Had my CFAT today and I have to say the verbal skills in the practice CFAT weren't NEARLY as difficult as the official CFAT, maybe I'm the only one who's thought this but the realy thing seemed much much harder then the practice.


----------



## stryte (6 Mar 2008)

Good practice test. I can see how it could help to identify possible weak area's and help with possible anxiety or time management.. Only suggestion would be to make it twice as long.


----------



## Meist (7 Mar 2008)

ghyslyn said:
			
		

> Had my CFAT today and I have to say the verbal skills in the practice CFAT weren't NEARLY as difficult as the official CFAT, maybe I'm the only one who's thought this but the realy thing seemed much much harder then the practice.



Well, I guess it can't help you with the test since you already did it, but for anyone else who thinks their vocabulary could use some work I recommend freerice.com. While I'm not entirely sure on whether they do actually donate rice, it's definitely good at improving your vocabulary. 
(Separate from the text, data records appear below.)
lemma is_path_snoc:
  assumes "is_path E ps a b" "{b, c} \<in> E" "c \<notin> set ps"
  shows "is_path E (ps @ [c]) a c"
  unfolding is_path_def
proof (intro conjI allI impI)
  show "ps @ [c] \<noteq> []" "last (ps @ [c]) = c" by auto
  show "hd (ps @ [c]) = a" "distinct (ps @ [c])" using assms by (auto simp: is_path_def)
  fix t assume t: "Suc t < length (ps @ [c])"
  show "{(ps @ [c]) ! t, (ps @ [c]) ! Suc t} \<in> E"
  proof (cases "Suc t < length ps")
    case True then show ?thesis using assms by (auto simp: is_path_def nth_append)
  next
    case False
    then have "t = length ps - 1" "ps \<noteq> []" using t assms by (auto simp: is_path_def)
    then show ?thesis using assms False by (auto simp: is_path_def nth_append last_conv_nth)
  qed
qed

lemma is_path_cons:
  assumes "is_path E ps a b" "{c, a} \<in> E" "c \<notin> set ps"
  shows "is_path E (c # ps) c b"
proof -
  have "is_path E (rev ps @ [c]) b c"
    using is_path_snoc[OF is_path_rev[OF assms(1)]] assms(2,3) by (simp add: insert_commute)
  then show ?thesis using is_path_rev by fastforce
qed

lemma is_path_take:
  assumes "is_path E ps a b" "i < length ps"
  shows "is_path E (take (Suc i) ps) a (ps ! i)"
  unfolding is_path_def
proof (intro conjI allI impI)
  show "take (Suc i) ps \<noteq> []" "distinct (take (Suc i) ps)" "hd (take (Suc i) ps) = a"
    using assms by (auto simp: is_path_def hd_take)
  show "last (take (Suc i) ps) = ps ! i" using assms(2)
    by (simp add: take_Suc_conv_app_nth)
  fix t assume "Suc t < length (take (Suc i) ps)"
  then show "{take (Suc i) ps ! t, take (Suc i) ps ! Suc t} \<in> E"
    using assms unfolding is_path_def by auto
qed

lemma is_path_mono:
  assumes "is_path E ps a b" "\<And>t. Suc t < length ps \<Longrightarrow> {ps ! t, ps ! Suc t} \<in> E'"
  shows "is_path E' ps a b"
  using assms unfolding is_path_def by auto

lemma is_path_remove_leaf_edge:
  assumes "is_path E ps a b" "L \<notin> set ps"
  shows "is_path (E - {{L, P}}) ps a b"
proof (rule is_path_mono[OF assms(1)])
  fix t assume t: "Suc t < length ps"
  have "{ps ! t, ps ! Suc t} \<in> E" using assms(1) t unfolding is_path_def by auto
  moreover have "ps ! t \<noteq> L" "ps ! Suc t \<noteq> L" using assms(2) t by (auto simp: in_set_conv_nth)
  ultimately show "{ps ! t, ps ! Suc t} \<in> E - {{L, P}}" by (auto simp: doubleton_eq_iff)
qed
I pretty much agree with everyone else that the only section that wasn't terribly representative of the actual test was spatial ability. Otherwise it was good practice.


----------



## CFR FCS (21 Mar 2008)

Thanks one and all for your comments. The fourth section of the test is in fact in the trial stages. More to follow as it develops. Good Luck to all who write the test.


----------



## S.Simpson (10 Apr 2008)

Cursed algebra!

x + 4/5x = 27...


----------



## CFR FCS (28 May 2008)

Bumped up for more comments. Thanks for all who tried it and provided feedback.


----------



## shlindz (28 May 2008)

I found the practice test to be a rather easy in comparison to the actual CFAT. 
The practice test gives you an accurate idea as to how the questions will be worded and what they will look like. However, it is slightly deceiving as to difficulty level.
Never the less I easily managed to achieve the scores required for all my career choices.
Good luck to everyone and quit stressing the easy stuff.  

Shlindz


----------